_Exercise_. Your answer must hold only the lines below from the line containing "bounded operators are" through the line containing "(\<forall>a\<in>alg ns. \<forall>b\<in>alg ns. \<pi> (alg_add", each reproduced exactly.

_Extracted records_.
····················
(* Let $D$ be a Dirac operator for a finite complex spectral triple $(\mathcal A,\mathcal H,\pi,J,\gamma)$ and let $\Omega^1_D:=\mathrm{span}\{\pi(a)[D,\pi(b)]:a,b\in\mathcal A\}\subseteq B(\mathcal H)$. If $\omega\in\Omega^1_D$ satisfies $\pi(a)\omega=\omega\pi(a)$ for all $a\in\mathcal A$, then $\omega=0$.
   Context: Let $\mathcal A=\bigoplus_{i=1}^k M_{n_i}(\mathbb C)$ ($n_i\ge 1$), with involution $a\mapsto a^*$ given by blockwise conjugate transpose. A finite complex spectral triple over $\mathcal A$ consists of: a finite-dimensional complex Hilbert space $\mathcal H$; a faithful $*$-representation $\pi:\mathcal A\to B(\mathcal H)$; an antilinear isometry $J$ of $\mathcal H$ with $J^2=1$ such that $\pi^0(a):=J\pi(a)^*J$ defines a representation of the opposite algebra $\mathcal A^0$ and $[\pi^0(a),\pi(b)]=0$ for all $a,b\in\mathcal A$; and a grading $\gamma\in B(\mathcal H)$ with $\gamma^*=\gamma$, $\gamma^2=1$, $J\gamma=\gamma J$, $\gamma\pi(a)=\pi(a)\gamma$ for all $a$, and $\gamma=\sum_m\pi(x_m)\pi^0(y_m)$ for finitely many $x_m,y_m\in\mathcal A$. A Dirac operator is a self-adjoint $D\in B(\mathcal H)$ with $DJ=JD$, $D\gamma=-\gamma D$ and $[[D,\pi(a)],\pi^0(b)]=0$ for all $a,b\in\mathcal A$. The space $\Omega^1_D$ is (isomorphic to) the first-order differential calculus $\Omega^1(\mathcal A)$ of the spectral triple, an $\mathcal A$-bimodule via left and right multiplication by $\pi(\mathcal A)$. *)

theory Defs
  imports "Jordan_Normal_Form.Schur_Decomposition"
begin

text \<open>The algebra A = M_{n_1}(C) (+) ... (+) M_{n_k}(C), with sizes ns = [n_1,...,n_k];
  an element is a list of square complex matrices with the prescribed sizes.\<close>

definition alg :: "nat list \<Rightarrow> complex mat list set" where
  "alg ns = {as. length as = length ns \<and>
                 (\<forall>i<length ns. as ! i \<in> carrier_mat (ns ! i) (ns ! i))}"

definition alg_add :: "complex mat list \<Rightarrow> complex mat list \<Rightarrow> complex mat list" where
  "alg_add as bs = map2 (+) as bs"

definition alg_mult :: "complex mat list \<Rightarrow> complex mat list \<Rightarrow> complex mat list" where
  "alg_mult as bs = map2 (*) as bs"

definition alg_smult :: "complex \<Rightarrow> complex mat list \<Rightarrow> complex mat list" where
  "alg_smult c as = map (\<lambda>a. c \<cdot>\<^sub>m a) as"

definition alg_star :: "complex mat list \<Rightarrow> complex mat list" where
  "alg_star as = map mat_adjoint as"

text \<open>The Hilbert space H is C^N (complex vectors of dimension N, inner product v \<bullet>c w);
  bounded operators are N x N complex matrices; the adjoint is mat_adjoint.\<close>

definition faithful_star_rep ::
  "nat list \<Rightarrow> nat \<Rightarrow> (complex mat list \<Rightarrow> complex mat) \<Rightarrow> bool" where
  "faithful_star_rep ns N \<pi> \<longleftrightarrow>
     (\<forall>a\<in>alg ns. \<pi> a \<in> carrier_mat N N) \<and>
     (\<forall>a\<in>alg ns. \<forall>b\<in>alg ns. \<pi> (alg_add a b) = \<pi> a + \<pi> b) \<and>
     (\<forall>a\<in>alg ns. \<forall>c. \<pi> (alg_smult c a) = c \<cdot>\<^sub>m \<pi> a) \<and>
     (\<forall>a\<in>alg ns. \<forall>b\<in>alg ns. \<pi> (alg_mult a b) = \<pi> a * \<pi> b) \<and>
     (\<forall>a\<in>alg ns. \<pi> (alg_star a) = mat_adjoint (\<pi> a)) \<and>
     inj_on \<pi> (alg ns)"

definition antilinear_isometric_involution ::
  "nat \<Rightarrow> (complex vec \<Rightarrow> complex vec) \<Rightarrow> bool" where
  "antilinear_isometric_involution N J \<longleftrightarrow>
     (\<forall>v\<in>carrier_vec N. J v \<in> carrier_vec N) \<and>
     (\<forall>v\<in>carrier_vec N. \<forall>w\<in>carrier_vec N. J (v + w) = J v + J w) \<and>
     (\<forall>v\<in>carrier_vec N. \<forall>c. J (c \<cdot>\<^sub>v v) = cnj c \<cdot>\<^sub>v J v) \<and>
     (\<forall>v\<in>carrier_vec N. J v \<bullet>c J v = v \<bullet>c v) \<and>
     (\<forall>v\<in>carrier_vec N. J (J v) = v)"

definition pi0 :: "(complex vec \<Rightarrow> complex vec) \<Rightarrow> (complex mat list \<Rightarrow> complex mat)
                    \<Rightarrow> complex mat list \<Rightarrow> complex vec \<Rightarrow> complex vec" where
  "pi0 J \<pi> a v = J (mat_adjoint (\<pi> a) *\<^sub>v J v)"

definition finite_spectral_triple ::
  "nat list \<Rightarrow> nat \<Rightarrow> (complex mat list \<Rightarrow> complex mat) \<Rightarrow> (complex vec \<Rightarrow> complex vec)
     \<Rightarrow> complex mat \<Rightarrow> bool" where
  "finite_spectral_triple ns N \<pi> J \<gamma> \<longleftrightarrow>
     (\<forall>i<length ns. ns ! i \<ge> 1) \<and>
     faithful_star_rep ns N \<pi> \<and>
     antilinear_isometric_involution N J \<and>
     \<comment> \<open>pi^0 is a representation of the opposite algebra\<close>
     (\<forall>a\<in>alg ns. \<forall>b\<in>alg ns. \<forall>v\<in>carrier_vec N.
         pi0 J \<pi> (alg_add a b) v = pi0 J \<pi> a v + pi0 J \<pi> b v) \<and>
     (\<forall>a\<in>alg ns. \<forall>c. \<forall>v\<in>carrier_vec N.
         pi0 J \<pi> (alg_smult c a) v = c \<cdot>\<^sub>v pi0 J \<pi> a v) \<and>
     (\<forall>a\<in>alg ns. \<forall>b\<in>alg ns. \<forall>v\<in>carrier_vec N.
         pi0 J \<pi> (alg_mult a b) v = pi0 J \<pi> b (pi0 J \<pi> a v)) \<and>
     \<comment> \<open>order-zero condition [pi^0(a), pi(b)] = 0\<close>
     (\<forall>a\<in>alg ns. \<forall>b\<in>alg ns. \<forall>v\<in>carrier_vec N.
         pi0 J \<pi> a (\<pi> b *\<^sub>v v) = \<pi> b *\<^sub>v pi0 J \<pi> a v) \<and>
     \<comment> \<open>grading\<close>
     \<gamma> \<in> carrier_mat N N \<and> mat_adjoint \<gamma> = \<gamma> \<and> \<gamma> * \<gamma> = 1\<^sub>m N \<and>
     (\<forall>v\<in>carrier_vec N. J (\<gamma> *\<^sub>v v) = \<gamma> *\<^sub>v J v) \<and>
     (\<forall>a\<in>alg ns. \<gamma> * \<pi> a = \<pi> a * \<gamma>) \<and>
     (\<exists>ps. set ps \<subseteq> alg ns \<times> alg ns \<and>
        (\<forall>v\<in>carrier_vec N.
           \<gamma> *\<^sub>v v = foldr (\<lambda>(x, y) acc. \<pi> x *\<^sub>v pi0 J \<pi> y v + acc) ps (0\<^sub>v N)))"

definition dirac_operator ::
  "nat list \<Rightarrow> nat \<Rightarrow> (complex mat list \<Rightarrow> complex mat) \<Rightarrow> (complex vec \<Rightarrow> complex vec)
     \<Rightarrow> complex mat \<Rightarrow> complex mat \<Rightarrow> bool" where
  "dirac_operator ns N \<pi> J \<gamma> D \<longleftrightarrow>
     D \<in> carrier_mat N N \<and> mat_adjoint D = D \<and>
     (\<forall>v\<in>carrier_vec N. J (D *\<^sub>v v) = D *\<^sub>v J v) \<and>
     D * \<gamma> = - (\<gamma> * D) \<and>
     (\<forall>a\<in>alg ns. \<forall>b\<in>alg ns. \<forall>v\<in>carrier_vec N.
        pi0 J \<pi> b ((D * \<pi> a - \<pi> a * D) *\<^sub>v v) = (D * \<pi> a - \<pi> a * D) *\<^sub>v pi0 J \<pi> b v)"

definition Omega1D ::
  "nat list \<Rightarrow> nat \<Rightarrow> (complex mat list \<Rightarrow> complex mat) \<Rightarrow> complex mat \<Rightarrow> complex mat set" where
  "Omega1D ns N \<pi> D =
     {foldr (\<lambda>(c, a, b) acc. c \<cdot>\<^sub>m (\<pi> a * (D * \<pi> b - \<pi> b * D)) + acc) ts (0\<^sub>m N N) | ts.
        set ts \<subseteq> UNIV \<times> alg ns \<times> alg ns}"

end

theory Submission
  imports Defs
begin

(* Every generator \<pi>(a)[D,\<pi>(b)] of \<Omega>\<^sup>1_D anticommutes with the grading, because D does and
   \<pi>(a), \<pi>(b) commute with it; and it commutes with every \<pi>\<^sup>0(y), by the order-zero and
   first-order conditions.  Both properties pass to linear combinations.  If \<omega> in addition
   commutes with \<pi>(\<A>), it commutes with \<gamma> = \<Sum> \<pi>(x\<^sub>m) \<pi>\<^sup>0(y\<^sub>m).  Commuting and anticommuting
   with \<gamma> gives \<omega>\<gamma> = 0, and \<gamma>\<^sup>2 = 1 then gives \<omega> = 0. *)

lemma eq_mat_on_vecI:
  fixes A B :: "'a::semiring_1 mat"
  assumes "A \<in> carrier_mat nr nc" and "B \<in> carrier_mat nr nc"
    and "\<And>v. v \<in> carrier_vec nc \<Longrightarrow> A *\<^sub>v v = B *\<^sub>v v"
  shows "A = B"
proof (rule eq_matI)
  fix i j assume "i < dim_row B" "j < dim_col B"
  then show "A $$ (i, j) = B $$ (i, j)"
    using assms(3)[of "unit_vec nc j"] assms(1,2)
    by (auto dest!: arg_cong[where f="\<lambda>w. w $ i"])
qed (use assms in auto)

lemma smult_mat_mult_mat_vec:
  "A \<in> carrier_mat nr nc \<Longrightarrow> v \<in> carrier_vec nc \<Longrightarrow> (c \<cdot>\<^sub>m A) *\<^sub>v v = (c::'a::comm_semiring_0) \<cdot>\<^sub>v (A *\<^sub>v v)"
  by (intro eq_vecI) (auto simp: scalar_prod_def sum_distrib_left ac_simps)

lemma zero_mat_mult_vec: "v \<in> carrier_vec nc \<Longrightarrow> 0\<^sub>m nr nc *\<^sub>v v = (0\<^sub>v nr :: 'a::semiring_0 vec)"
  by (intro eq_vecI) (auto simp: scalar_prod_def)

lemma mult_mat_vec_zero: "A \<in> carrier_mat nr nc \<Longrightarrow> A *\<^sub>v 0\<^sub>v nc = (0\<^sub>v nr :: 'a::semiring_0 vec)"
  by (intro eq_vecI) (auto simp: scalar_prod_def)

lemma mat_adjoint_carrier: "A \<in> carrier_mat nr nc \<Longrightarrow> mat_adjoint A \<in> carrier_mat nc nr"
  unfolding mat_adjoint_def by auto

lemma uminus_minus_uminus_mat:
  "A \<in> carrier_mat nr nc \<Longrightarrow> B \<in> carrier_mat nr nc \<Longrightarrow> - A - - B = - (A - B :: 'a::ab_group_add mat)"
  by (intro eq_matI) auto

lemma uminus_add_uminus_mat:
  "A \<in> carrier_mat nr nc \<Longrightarrow> B \<in> carrier_mat nr nc \<Longrightarrow> - A + - B = - (A + B :: 'a::ab_group_add mat)"
  by (intro eq_matI) auto

lemma smult_uminus_mat: "(c::'a::ring) \<cdot>\<^sub>m (- A) = - (c \<cdot>\<^sub>m A)"
  by (intro eq_matI) auto

lemma mat_eq_uminus_self_iff:
  fixes A :: "'a::{idom,ring_char_0} mat"
  assumes "A \<in> carrier_mat nr nc"
  shows "A = - A \<longleftrightarrow> A = 0\<^sub>m nr nc"
proof
  assume "A = - A"
  then have "A $$ (i, j) = - A $$ (i, j)" if "i < nr" "j < nc" for i j
    using that assms by (metis carrier_matD index_uminus_mat(1))
  then show "A = 0\<^sub>m nr nc"
    using assms by (intro eq_matI) auto
qed (use assms in auto)

lemma commuting_anticommuting_mat_eq_zero:
  fixes g A :: "'a::{idom,ring_char_0} mat"
  assumes g: "g \<in> carrier_mat n n" and A: "A \<in> carrier_mat n n" and "g * g = 1\<^sub>m n"
    and "g * A = - (A * g)" and "g * A = A * g"
  shows "A = 0\<^sub>m n n"
proof -
  have "A * g = - (A * g)" using assms(4,5) by simp
  then have "A * g = 0\<^sub>m n n"
    using g A by (simp add: mat_eq_uminus_self_iff[of _ n n])
  then have "(A * g) * g = 0\<^sub>m n n" using g by simp
  then show ?thesis using assms(3) g A by simp
qed

lemmas square_mat_distribs =
  mult_minus_distrib_mat[where nr=n and n=n and nc=n] minus_mult_distrib_mat[where nr=n and n=n and nc=n]
  mult_add_distrib_mat[where nr=n and n=n and nc=n] add_mult_distrib_mat[where nr=n and n=n and nc=n]
  for n

lemma anticommute_commutator:
  fixes g D Q :: "'a::ring mat"
  assumes g: "g \<in> carrier_mat n n" and D: "D \<in> carrier_mat n n" and Q: "Q \<in> carrier_mat n n"
    and gD: "g * D = - (D * g)" and gQ: "g * Q = Q * g"
  shows "g * (D * Q - Q * D) = - ((D * Q - Q * D) * g)"
proof -
  have "g * (D * Q - Q * D) = (g * D) * Q - (g * Q) * D"
    using g D Q by (simp add: square_mat_distribs[where n=n])
  also have "\<dots> = - (D * Q * g) - - (Q * D * g)"
    using g D Q gD gQ by simp
  also have "\<dots> = - ((D * Q - Q * D) * g)"
    using g D Q by (simp add: square_mat_distribs[where n=n] uminus_minus_uminus_mat[of _ n n])
  finally show ?thesis .
qed

lemma anticommute_mult_left:
  fixes g P X :: "'a::ring mat"
  assumes g: "g \<in> carrier_mat n n" and P: "P \<in> carrier_mat n n" and X: "X \<in> carrier_mat n n"
    and gP: "g * P = P * g" and gX: "g * X = - (X * g)"
  shows "g * (P * X) = - (P * X * g)"
proof -
  have "g * (P * X) = (g * P) * X"
    using g P X by (simp add: assoc_mult_mat[of _ n n _ n _ n])
  also have "\<dots> = P * (g * X)"
    using g P X gP by simp
  also have "\<dots> = - (P * X * g)"
    using g P X gX by simp
  finally show ?thesis .
qed

lemma anticommute_smult:
  fixes g A :: "'a::comm_ring mat"
  assumes g: "g \<in> carrier_mat n n" and A: "A \<in> carrier_mat n n"
    and gA: "g * A = - (A * g)"
  shows "g * (c \<cdot>\<^sub>m A) = - ((c \<cdot>\<^sub>m A) * g)"
  using assms by (simp add: mult_smult_distrib[of _ n n] mult_smult_assoc_mat[of _ n n] smult_uminus_mat)

lemma anticommute_add:
  fixes g A B :: "'a::ring mat"
  assumes g: "g \<in> carrier_mat n n" and A: "A \<in> carrier_mat n n" and B: "B \<in> carrier_mat n n"
    and "g * A = - (A * g)" and "g * B = - (B * g)"
  shows "g * (A + B) = - ((A + B) * g)"
  using assms by (simp add: square_mat_distribs[where n=n] uminus_add_uminus_mat[of _ n n])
····················
_Result of the exercise_.
  bounded operators are N x N complex matrices; the adjoint is mat_adjoint.\<close>

definition faithful_star_rep ::
  "nat list \<Rightarrow> nat \<Rightarrow> (complex mat list \<Rightarrow> complex mat) \<Rightarrow> bool" where
  "faithful_star_rep ns N \<pi> \<longleftrightarrow>
     (\<forall>a\<in>alg ns. \<pi> a \<in> carrier_mat N N) \<and>
     (\<forall>a\<in>alg ns. \<forall>b\<in>alg ns. \<pi> (alg_add a b) = \<pi> a + \<pi> b) \<and>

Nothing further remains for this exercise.